Les Îlets-Jérémie, Quebec


Les Îlets-Jérémie is a settlement in the municipality of Colombier in the Côte-Nord region of the Canadian province of Quebec. Located on the north shore of the Saint Lawrence River, the small community is named after the Jérémie Islets that are just off its shores and mark the western end of the Jérémie Islets Bay. The Innu call the hamlet Ishkuamishkut, meaning "where one expects polar bear".

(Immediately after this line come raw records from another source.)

lemma carleson_boxes_disjoint:
  assumes "z \<in> carleson_box \<beta> j m" "z \<in> carleson_box \<beta> j m'" "m < 2^j" "m' < 2^j"
  shows "m = m'"
proof -
  obtain r t where z: "z = of_real r * cis (2 * pi * t)" "1 - (1/2)^j \<le> r" "r < 1"
      "(1/2)^j * real m + \<beta> \<le> t" "t < (1/2)^j * real (m + 1) + \<beta>"
    using assms(1) unfolding mem_carleson_box_iff by blast
  obtain r' t' where z': "z = of_real r' * cis (2 * pi * t')" "1 - (1/2)^j \<le> r'" "r' < 1"
      "(1/2)^j * real m' + \<beta> \<le> t'" "t' < (1/2)^j * real (m' + 1) + \<beta>"
    using assms(2) unfolding mem_carleson_box_iff by blast
  note b = carleson_box_polar_bounds[OF z assms(3)] and b' = carleson_box_polar_bounds[OF z' assms(4)]
  show ?thesis
  proof (cases "r = 0")
    case True
    then have "j = 0"
      using z(2) power_less_one_iff[of "1/2::real" j] by auto
    then show ?thesis
      using assms(3,4) by simp
  next
    case False
    then have "cis (2 * pi * t) = cis (2 * pi * t')"
      using z(1) z'(1) b(1) b'(1) by simp
    then have "t = t'"
      using b(2,3) b'(2,3) by (intro cis_2pi_eq_imp_eq) auto
    then show ?thesis
      using b(4) b'(4) by simp
  qed
qed

lemma sum_indicator_carleson_boxes_le_1: "(\<Sum>m<2^j. indicator (carleson_box \<beta> j m) z) \<le> (1::ennreal)"
proof (cases "\<exists>m0<2^j. z \<in> carleson_box \<beta> j m0")
  case True
  then obtain m0 where m0: "m0 < 2^j" "z \<in> carleson_box \<beta> j m0"
    by blast
  have "indicator (carleson_box \<beta> j m) z = (if m = m0 then 1 else 0 :: ennreal)" if "m < 2^j" for m
  proof (cases "m = m0")
    case False
    then have "z \<notin> carleson_box \<beta> j m"
      using carleson_boxes_disjoint[OF _ m0(2) that m0(1)] by blast
    then show ?thesis
      using False by simp
  qed (simp add: m0(2))
  then have "(\<Sum>m<2^j. indicator (carleson_box \<beta> j m) z) = (\<Sum>m<2^j. if m = m0 then 1 else 0 :: ennreal)"
    by (intro sum.cong) auto
  then show ?thesis
    using m0(1) by simp
next
  case False
  then show ?thesis
    by (simp add: indicator_def)
qed

lemma carleson_box_sets_lborel [measurable]: "carleson_box \<beta> j m \<in> sets lborel"
proof -
  have box: "carleson_box \<beta> j m = (\<lambda>(r, t). of_real r * cis (2 * pi * t)) `
      ({1 - (1/2)^j..<1} \<times> {(1/2)^j * real m + \<beta>..<(1/2)^j * real (m + 1) + \<beta>})"
    unfolding set_eq_iff mem_carleson_box_iff image_iff by (fastforce simp del: of_nat_Suc)
  have "\<dots> \<in> sets borel"
    by (rule continuous_image_Times_atLeastLessThan_borel) (simp add: case_prod_unfold continuous_intros)
  then show ?thesis
    by (simp only: box sets_lborel)
qed

lemma norm_1_minus_cnj_mult_le_box_size:
  assumes "z \<in> carleson_box \<beta> j m" "\<zeta> \<in> carleson_box \<beta> j m"
  shows "cmod (1 - cnj \<zeta> * z) \<le> 10 * (1/2)^j"
proof -
  define h :: real where "h = (1/2)^j"
  have h: "0 < h" "h \<le> 1"
    unfolding h_def by (simp_all add: power_le_one)
  obtain r t where z: "z = of_real r * cis (2 * pi * t)" "1 - h \<le> r" "r < 1"
      "h * real m + \<beta> \<le> t" "t < h * real (m + 1) + \<beta>"
    using assms(1) unfolding mem_carleson_box_iff h_def by blast
  obtain s u where \<zeta>: "\<zeta> = of_real s * cis (2 * pi * u)" "1 - h \<le> s" "s < 1"
      "h * real m + \<beta> \<le> u" "u < h * real (m + 1) + \<beta>"
    using assms(2) unfolding mem_carleson_box_iff h_def by blast
  have rs: "0 \<le> r * s" "r * s \<le> 1" "1 - 2 * h \<le> r * s"
  proof -
    show "0 \<le> r * s" "r * s \<le> 1"
      using z \<zeta> h by (simp_all add: mult_le_one)
    have "0 \<le> (1 - r) * (1 - s)"
      using z \<zeta> by simp
    then show "1 - 2 * h \<le> r * s"
      using z \<zeta> by (simp add: algebra_simps)
  qed
  have "\<bar>t - u\<bar> < h"
    using z(4,5) \<zeta>(4,5) by (simp add: algebra_simps)
  then have "\<bar>2 * pi * t - 2 * pi * u\<bar> \<le> 2 * pi * h"
    by (simp add: abs_mult flip: right_diff_distrib)
  then have angle: "cmod (1 - cis (2 * pi * t - 2 * pi * u)) \<le> 2 * pi * h"
    using norm_1_minus_cis_le order_trans by blast
  have "1 - cnj \<zeta> * z = of_real (1 - r * s) + of_real (r * s) * (1 - cis (2 * pi * t - 2 * pi * u))"
    using z(1) \<zeta>(1) by (simp add: cis_cnj cis_mult algebra_simps)
  then have "cmod (1 - cnj \<zeta> * z) \<le> \<bar>1 - r * s\<bar> + \<bar>r * s\<bar> * cmod (1 - cis (2 * pi * t - 2 * pi * u))"
    by (metis norm_triangle_ineq norm_mult norm_of_real)
  also have "\<dots> \<le> 2 * h + 1 * (2 * pi * h)"
    using rs angle by (intro add_mono mult_mono) auto
  also have "\<dots> \<le> 10 * h"
    using pi_less_4 h by simp
  finally show ?thesis
    unfolding h_def .
qed

section \<open>The one-third trick\<close>

lemma third_far_from_dyadic_grid: "(1/2)^j / 3 \<le> \<bar>(1/2)^j * of_int k - 1/3 :: real\<bar>"
proof -
  have "3 * k \<noteq> 2 ^ j"
    using three_not_dvd_power_two[of j] by (metis dvd_triv_left)
  then have "1 \<le> \<bar>real_of_int (3 * k - 2 ^ j)\<bar>"
    by linarith
  also have "real_of_int (3 * k - 2 ^ j) = 3 * 2^j * ((1/2)^j * of_int k - 1/3)"
    by (simp add: power_one_over field_simps)
  finally have "1 \<le> (3 * 2^j) * \<bar>(1/2)^j * of_int k - 1/3 :: real\<bar>"
    by (simp add: abs_mult)
  then have "1 / (3 * 2^j) \<le> \<bar>(1/2)^j * of_int k - 1/3 :: real\<bar>"
    by (subst pos_divide_le_eq) (simp_all add: mult.commute)
  then show ?thesis
    by (simp add: power_one_over)
qed

lemma one_third_trick:
  fixes lo hi :: real
  assumes "hi - lo < (1/2)^j / 3"
  obtains \<beta> k where "\<beta> \<in> {0, 1/3}" "(1/2)^j * of_int k + \<beta> \<le> lo" "hi < (1/2)^j * (of_int k + 1) + \<beta>"
proof -
  define h :: real where "h = (1/2)^j"
  have "0 < h"
    unfolding h_def by simp
  define k where "k \<beta> = \<lfloor>(lo - \<beta>) / h\<rfloor>" for \<beta>
  have below: "h * of_int (k \<beta>) + \<beta> \<le> lo" and above: "lo < h * (of_int (k \<beta>) + 1) + \<beta>" for \<beta>
    unfolding k_def using floor_divide_lower[OF \<open>0 < h\<close>, of "lo - \<beta>"]
      floor_divide_upper[OF \<open>0 < h\<close>, of "lo - \<beta>"]
    by (simp_all add: algebra_simps)
  have "\<exists>\<beta>\<in>{0, 1/3}. hi < h * (of_int (k \<beta>) + 1) + \<beta>"
  proof (rule ccontr)
    assume "\<not> ?thesis"
    \<comment> \<open>then the first points of both grids beyond lo lie in (lo, hi], closer than h/3 to each other\<close>
    then have "h * (of_int (k 0) + 1) \<le> hi" "h * (of_int (k (1/3)) + 1) + 1/3 \<le> hi"
      by auto
    then have "\<bar>h * of_int (k 0 - k (1/3)) - 1/3\<bar> < h / 3"
      using above[of 0] above[of "1/3"] assms unfolding h_def[symmetric] of_int_diff
      by (simp only: abs_less_iff right_diff_distrib distrib_left) linarith
    then show False
      using third_far_from_dyadic_grid[of j] unfolding h_def by (meson not_less)
  qed
  then show ?thesis
    using below that unfolding h_def by blast
qed

lemma exists_common_carleson_box:
  assumes "z \<in> unit_disc" "\<zeta> \<in> unit_disc"
  obtains \<beta> j m where "\<beta> \<in> {0, 1/3}" "m < 2^j" "z \<in> carleson_box \<beta> j m" "\<zeta> \<in> carleson_box \<beta> j m"
    "(1/2)^j \<le> 8 * cmod (1 - cnj \<zeta> * z)"
proof -
  define D where "D = cmod (1 - cnj \<zeta> * z)"
  obtain s where s: "z = of_real (cmod z) * cis (2 * pi * s)" "-1/2 < s" "s \<le> 1/2"
    by (rule polar_decomposition_2pi)
  obtain t where t: "\<zeta> = of_real (cmod \<zeta>) * cis (2 * pi * t)" "-1/2 < t" "t \<le> 1/2"
    by (rule polar_decomposition_2pi)
  have st: "\<bar>s - t\<bar> < 1"
    using s t by linarith
  have norms: "cmod z < 1" "cmod \<zeta> < 1"
    using assms unfolding unit_disc_def by auto
  define \<delta> where "\<delta> = min \<bar>s - t\<bar> (1 - \<bar>s - t\<bar>)"
  define M where "M = max \<delta> (max (1 - cmod z) (1 - cmod \<zeta>))"
  have "M \<le> D"
    using norm_1_minus_cnj_mult_lower_bounds[of "cmod z" "cmod \<zeta>" s t] norms st
    unfolding M_def D_def \<delta>_def s(1)[symmetric] t(1)[symmetric] by simp
  have "0 < M"
    using norms unfolding M_def by simp
  obtain lo hi s' t' where arc: "hi - lo = \<delta>" "lo \<le> s'" "s' \<le> hi" "lo \<le> t'" "t' \<le> hi"
      "cis (2 * pi * s') = cis (2 * pi * s)" "cis (2 * pi * t') = cis (2 * pi * t)"
    by (rule short_arc_interval[OF st, folded \<delta>_def])
  show ?thesis
  proof (cases "1 < 4 * M")
    case True
    then show ?thesis
      using that[of 0 0 0] assms \<open>M \<le> D\<close> unfolding carleson_box_top D_def by simp
  next
    case False
    obtain j where j: "(1/2)^Suc j < 4 * M" "4 * M \<le> (1/2)^j"
      using exists_power_bracket[of "1/2" "4 * M"] False \<open>0 < M\<close> by auto
    have "\<delta> \<le> M" "1 - cmod z \<le> M" "1 - cmod \<zeta> \<le> M"
      unfolding M_def by auto
    moreover have "M \<le> (1/2)^j / 4"
      using j(2) by simp
    ultimately have "hi - lo < (1/2)^j / 3" "1 - (1/2)^j \<le> cmod z" "1 - (1/2)^j \<le> cmod \<zeta>"
      using arc(1) \<open>0 < M\<close> by linarith+
    obtain \<beta> k where \<beta>: "\<beta> \<in> {0, 1/3}" "(1/2)^j * of_int k + \<beta> \<le> lo" "hi < (1/2)^j * (of_int k + 1) + \<beta>"
      using one_third_trick[OF \<open>hi - lo < (1/2)^j / 3\<close>] by blast
    have "of_real (cmod z) * cis (2 * pi * s') \<in> carleson_box \<beta> j (nat (k mod 2^j))"
      using \<beta>(2,3) arc(2,3) norms \<open>1 - (1/2)^j \<le> cmod z\<close> by (intro polar_mem_carleson_box) auto
    then have z_box: "z \<in> carleson_box \<beta> j (nat (k mod 2^j))"
      using arc(6) s(1) by simp
    have "of_real (cmod \<zeta>) * cis (2 * pi * t') \<in> carleson_box \<beta> j (nat (k mod 2^j))"
      using \<beta>(2,3) arc(4,5) norms \<open>1 - (1/2)^j \<le> cmod \<zeta>\<close> by (intro polar_mem_carleson_box) auto
    then have \<zeta>_box: "\<zeta> \<in> carleson_box \<beta> j (nat (k mod 2^j))"
      using arc(7) t(1) by simp
    have "nat (k mod 2^j) < 2^j"
      by (simp add: nat_less_iff)
    moreover have "(1/2)^j \<le> 8 * D"
      using j(1) \<open>M \<le> D\<close> by simp
    ultimately show ?thesis
      using that \<beta>(1) z_box \<zeta>_box unfolding D_def by blast
  qed
qed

The islets were named in turn after a certain Noël Jérémie, or Lamontagne, who was born between 1629 and 1638, and died between 1694 and 1697. Around 1660, he established a trading and fishing company. In 1673, the first reference was made to the Îlets-Jérémie Post by François de Crespieul. That year, Noël Jérémie was a clerk at the Tadoussac post, but he often went to the islands with his son Nicolas to conduct fur trade with the Innu of Betsiamites and vicinity. Nicolas became an interpreter and clerk of the Hudson's Bay Company, and wrote the famous Relation du Détroit de la Baie d'Hudson, published in 1720. He died at Quebec City in 1732. After periodic closures, the post became the property of the Hudson's Bay Company in 1831, and was considered as the best trading post on the North Shore. It closed permanently in 1859 and operations were transferred to Betsiamites.
The community on the mainland has existed at least since 1735 when the Saint Anne chapel was first built. French Jesuit Jean-Baptiste de la Brosse taught the local Innu reading and writing skills in their own language. Consequently, the Innu of Les Îlets-Jérémie adopted the Latin script and exhibited an unexpected degree of literacy in the 18th century.